Problem requirements: Please write out, exactly as given, every line of the entries below up to and including the line with "fix n R S RA SA :: nat".

(Stored data entries)
--- START ---

lemma pair_count_expansion:
  "\<exists>K. \<forall>n R S RA SA. n \<ge> 1 \<longrightarrow> R + S = n \<longrightarrow> \<bar>weight_sum s x R - weight_sum r y S\<bar> \<le> 1 \<longrightarrow>
     RA + SA = n \<longrightarrow> RA \<in> {n div 2, n div 2 + 1} \<longrightarrow>
     \<bar>pair_count x y R S - pair_count x y RA SA
       - real n / 2 * (weight_sum s x R - weight_sum s x (n div 2) + (weight_sum r y S - weight_sum r y (n div 2)))\<bar>
     \<le> K * real n powr (6/5)"
proof -
  define A where "A = (5 + 2 * C) / (2 * \<mu>) + 1"
  have "A \<ge> 1" unfolding A_def using C_nonneg mu_pos by simp
  show ?thesis
  proof (intro exI[of _ "2 * A * (C + 2) + A\<^sup>2 + A + 2"] allI impI)
    fix n R S RA SA :: nat
    assume "n \<ge> 1" "R + S = n" and balanced: "\<bar>weight_sum s x R - weight_sum r y S\<bar> \<le> 1"
      and "RA + SA = n" "RA \<in> {n div 2, n div 2 + 1}"
    define f P where "f = n div 2" and "P = real n powr (3/5)"
    define dX dY where "dX = weight_sum s x R - weight_sum s x f" and "dY = weight_sum r y S - weight_sum r y f"
    have "P \<ge> 1" unfolding P_def using \<open>n \<ge> 1\<close> by (intro ge_one_powr_ge_zero) auto
    have "real n \<le> P * P"
      unfolding P_def using \<open>n \<ge> 1\<close> powr_mono[of 1 "6/5" "real n"] by (simp flip: powr_add)
    have f: "real f \<le> real n / 2" "real n / 2 \<le> real f + 1/2" unfolding f_def by linarith+
    have near_half: "\<bar>real R - real n / 2\<bar> \<le> A * P" "\<bar>real R - real f\<bar> \<le> A * P" "\<bar>real S - real f\<bar> \<le> A * P"
    proof -
      have "\<bar>real R - real n / 2\<bar> \<le> (A - 1) * P"
        using balanced_split_le[OF \<open>R + S = n\<close> \<open>n \<ge> 1\<close> balanced] unfolding A_def P_def by simp
      moreover have "(A - 1) * P + 1 \<le> A * P" using \<open>P \<ge> 1\<close> by (simp add: algebra_simps)
      moreover have "real R + real S = real n" using \<open>R + S = n\<close> by (simp flip: of_nat_add)
      ultimately show "\<bar>real R - real n / 2\<bar> \<le> A * P" "\<bar>real R - real f\<bar> \<le> A * P" "\<bar>real S - real f\<bar> \<le> A * P"
        using f by (simp_all only: abs_le_iff) linarith+
    qed
    have lin: "\<bar>pair_count x y R S - pair_count x y f f - real R * dY - real f * dX\<bar> \<le> 2 * A * (C + 2) * (P * P)"
    proof -
      have "R \<le> n" "f \<le> n" using \<open>R + S = n\<close> unfolding f_def by auto
      from pair_count_linearization[OF this, of S]
      have "\<bar>pair_count x y R S - pair_count x y f f - real R * dY - real f * dX\<bar>
          \<le> (\<bar>real S - real f\<bar> + \<bar>real R - real f\<bar>) * (C + 2 * P)"
        unfolding dX_def dY_def P_def .
      also have "\<dots> \<le> (2 * A * P) * ((C + 2) * P)"
        using near_half \<open>P \<ge> 1\<close> C_nonneg mult_left_mono[OF \<open>P \<ge> 1\<close>, of C]
        by (intro mult_mono) (auto simp: algebra_simps)
      finally show ?thesis by (simp add: algebra_simps)
    qed
    have alternating: "\<bar>pair_count x y RA SA - pair_count x y f f\<bar> \<le> 2 * (P * P)"
      using pair_count_near_half_le[OF \<open>RA + SA = n\<close> \<open>RA \<in> _\<close>, of x y] \<open>real n \<le> P * P\<close>
      unfolding f_def by linarith
    have "\<bar>dY\<bar> \<le> A * P" "\<bar>dX\<bar> \<le> A * P"
      unfolding dX_def dY_def
      using weight_sum_diff_le[of r y S f] weight_sum_diff_le[of s x R f] r_bounds s_bounds near_half
      by (auto simp: abs_le_iff intro: order.trans)
    have "\<bar>(real R - real n / 2) * dY\<bar> \<le> (A * P) * (A * P)"
      using near_half(1) \<open>\<bar>dY\<bar> \<le> A * P\<close> \<open>A \<ge> 1\<close> \<open>P \<ge> 1\<close> unfolding abs_mult by (intro mult_mono) auto
    moreover have "\<bar>(real f - real n / 2) * dX\<bar> \<le> A * (P * P)"
    proof -
      have "\<bar>real f - real n / 2\<bar> * \<bar>dX\<bar> \<le> \<bar>dX\<bar>" using f by (intro mult_left_le_one_le) auto
      also have "\<dots> \<le> A * P" by fact
      also have "\<dots> \<le> A * (P * P)" using \<open>A \<ge> 1\<close> \<open>P \<ge> 1\<close> by (intro mult_left_mono) auto
      finally show ?thesis unfolding abs_mult .
    qed
    moreover have "pair_count x y R S - pair_count x y RA SA - real n / 2 * (dX + dY)
      = (pair_count x y R S - pair_count x y f f - real R * dY - real f * dX)
        + (real R - real n / 2) * dY + (real f - real n / 2) * dX - (pair_count x y RA SA - pair_count x y f f)"
      by (simp add: algebra_simps)
    ultimately have "\<bar>pair_count x y R S - pair_count x y RA SA - real n / 2 * (dX + dY)\<bar>
        \<le> (2 * A * (C + 2) + A\<^sup>2 + A + 2) * (P * P)"
      using lin alternating by (simp only: abs_le_iff distrib_right power2_eq_square) (simp add: algebra_simps)
    then show "\<bar>pair_count x y R S - pair_count x y RA SA
       - real n / 2 * (weight_sum s x R - weight_sum s x (n div 2) + (weight_sum r y S - weight_sum r y (n div 2)))\<bar>
     \<le> (2 * A * (C + 2) + A\<^sup>2 + A + 2) * real n powr (6/5)"
      unfolding dX_def dY_def f_def P_def by (simp flip: powr_add)
  qed
qed

lemma pair_count_difference_asymptotics:
  fixes R S RA SA :: "nat \<Rightarrow> nat"
  assumes "\<And>n. n \<ge> 1 \<Longrightarrow> R n + S n = n"
    and "\<And>n. n \<ge> 1 \<Longrightarrow> \<bar>weight_sum s x (R n) - weight_sum r y (S n)\<bar> \<le> 1"
    and "\<And>n. n \<ge> 1 \<Longrightarrow> RA n + SA n = n" and "\<And>n. n \<ge> 1 \<Longrightarrow> RA n \<in> {n div 2, n div 2 + 1}"
  shows "(\<lambda>n. (pair_count x y (R n) (S n) - pair_count x y (RA n) (SA n)) / real n powr (5/4)
           - ((weight_sum s x (R n) - weight_sum s x (n div 2) + (weight_sum r y (S n) - weight_sum r y (n div 2))) / 2)
             / real n powr (1/4)) \<longlonglongrightarrow> 0"
proof -
  define D where "D n = pair_count x y (R n) (S n) - pair_count x y (RA n) (SA n)" for n
  define G where "G n = weight_sum s x (R n) - weight_sum s x (n div 2) + (weight_sum r y (S n) - weight_sum r y (n div 2))" for n
  obtain K where K: "\<And>n. n \<ge> 1 \<Longrightarrow> \<bar>D n - real n / 2 * G n\<bar> \<le> K * real n powr (6/5)"
    using pair_count_expansion assms unfolding D_def G_def by meson
  have "(\<lambda>n. D n / real n powr (5/4) - (G n / 2) / real n powr (1/4)) \<longlonglongrightarrow> 0"
  proof (rule Lim_null_comparison)
    show "eventually (\<lambda>n. norm (D n / real n powr (5/4) - (G n / 2) / real n powr (1/4))
        \<le> K * real n powr (6/5) / real n powr (5/4)) sequentially"
      using eventually_ge_at_top[of 1]
    proof eventually_elim
      case (elim n)
      have "real n powr (5/4) = real n powr (1 + 1/4)" by simp
      also have "\<dots> = real n * real n powr (1/4)" unfolding powr_add using elim by simp
      finally have "D n / real n powr (5/4) - (G n / 2) / real n powr (1/4)
          = (D n - real n / 2 * G n) / real n powr (5/4)"
        using elim by (simp add: field_simps)
      then show ?case using K[OF elim] by (simp add: abs_div divide_right_mono)
    qed
    show "(\<lambda>n::nat. K * real n powr (6/5) / real n powr (5/4)) \<longlonglongrightarrow> 0" by real_asymp
  qed
  then show ?thesis unfolding D_def G_def .
qed

end

section \<open>Reading policies\<close>

lemma Rcnt_Suc: "Rcnt C (Suc n) \<omega> = Rcnt C n \<omega> + (if C (Suc n) \<omega> then 1 else 0)"
proof -
  have "{j \<in> {1..Suc n}. C j \<omega>} = {j \<in> {1..n}. C j \<omega>} \<union> (if C (Suc n) \<omega> then {Suc n} else {})"
    by (auto simp: le_Suc_eq)
  then show ?thesis unfolding Rcnt_def by (simp add: card_insert_if)
qed

lemma Rcnt_le: "Rcnt C n \<omega> \<le> n"
proof -
  have "Rcnt C n \<omega> \<le> card {1..n}" unfolding Rcnt_def by (intro card_mono) auto
  then show ?thesis by simp
qed

lemma Rcnt_add_Scnt: "Rcnt C n \<omega> + Scnt C n \<omega> = n"
  unfolding Scnt_def using Rcnt_le[of C n \<omega>] by simp

lemma Scnt_Suc: "Scnt C (Suc n) \<omega> = Scnt C n \<omega> + (if C (Suc n) \<omega> then 0 else 1)"
  unfolding Scnt_def using Rcnt_Suc[of C n \<omega>] Rcnt_le[of C n \<omega>] by auto

lemma Gam_eq_weight_sum: "Gam w L m \<omega> = weight_sum w (\<lambda>j. L j \<omega>) m"
  unfolding Gam_def weight_sum_def ..

lemma greedy_weight_sums_balanced:
  assumes v_bounds: "\<And>i. 0 \<le> v i \<and> v i \<le> 1" and w_bounds: "\<And>i. 0 \<le> w i \<and> w i \<le> 1"
    and greedy: "\<And>n. n \<ge> 1 \<Longrightarrow>
      (weight_sum w y (Scnt C n \<omega>) > weight_sum v x (Rcnt C n \<omega>) \<longrightarrow> C (Suc n) \<omega>) \<and>
      (weight_sum w y (Scnt C n \<omega>) < weight_sum v x (Rcnt C n \<omega>) \<longrightarrow> \<not> C (Suc n) \<omega>)"
    and "n \<ge> 1"
  shows "\<bar>weight_sum v x (Rcnt C n \<omega>) - weight_sum w y (Scnt C n \<omega>)\<bar> \<le> 1"
  using \<open>n \<ge> 1\<close>
proof (induction n rule: dec_induct)
  case base
  have "Rcnt C 0 \<omega> = 0" "Scnt C 0 \<omega> = 0" unfolding Rcnt_def Scnt_def by auto
  then show ?case
    using Rcnt_Suc[of C 0 \<omega>] Scnt_Suc[of C 0 \<omega>] v_bounds w_bounds by (auto simp: weight_sum_def)
next
  case (step n)
  define a b where "a = weight_sum v x (Rcnt C n \<omega>)" and "b = weight_sum w y (Scnt C n \<omega>)"
  have "\<bar>a - b\<bar> \<le> 1" using step.IH unfolding a_def b_def .
  show ?case
  proof (cases "C (Suc n) \<omega>")
    case True
    then have "\<not> b < a" using greedy[OF step(1)] unfolding a_def b_def by auto
    moreover have "weight_sum v x (Rcnt C (Suc n) \<omega>) = a + v (x (Suc (Rcnt C n \<omega>)))"
      "weight_sum w y (Scnt C (Suc n) \<omega>) = b"
      using True unfolding a_def b_def by (simp_all add: Rcnt_Suc Scnt_Suc weight_sum_Suc)
    ultimately show ?thesis using \<open>\<bar>a - b\<bar> \<le> 1\<close> v_bounds[of "x (Suc (Rcnt C n \<omega>))"] by (simp only: abs_le_iff) linarith
  next
    case False
    then have "\<not> a < b" using greedy[OF step(1)] unfolding a_def b_def by auto
    moreover have "weight_sum v x (Rcnt C (Suc n) \<omega>) = a"
      "weight_sum w y (Scnt C (Suc n) \<omega>) = b + w (y (Suc (Scnt C n \<omega>)))"
      using False unfolding a_def b_def by (simp_all add: Rcnt_Suc Scnt_Suc weight_sum_Suc)
    ultimately show ?thesis using \<open>\<bar>a - b\<bar> \<le> 1\<close> w_bounds[of "y (Suc (Scnt C n \<omega>))"] by (simp only: abs_le_iff) linarith
  qed
qed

--- END ---

Solved problem:
lemma pair_count_expansion:
  "\<exists>K. \<forall>n R S RA SA. n \<ge> 1 \<longrightarrow> R + S = n \<longrightarrow> \<bar>weight_sum s x R - weight_sum r y S\<bar> \<le> 1 \<longrightarrow>
     RA + SA = n \<longrightarrow> RA \<in> {n div 2, n div 2 + 1} \<longrightarrow>
     \<bar>pair_count x y R S - pair_count x y RA SA
       - real n / 2 * (weight_sum s x R - weight_sum s x (n div 2) + (weight_sum r y S - weight_sum r y (n div 2)))\<bar>
     \<le> K * real n powr (6/5)"
proof -
  define A where "A = (5 + 2 * C) / (2 * \<mu>) + 1"
  have "A \<ge> 1" unfolding A_def using C_nonneg mu_pos by simp
  show ?thesis
  proof (intro exI[of _ "2 * A * (C + 2) + A\<^sup>2 + A + 2"] allI impI)
    fix n R S RA SA :: nat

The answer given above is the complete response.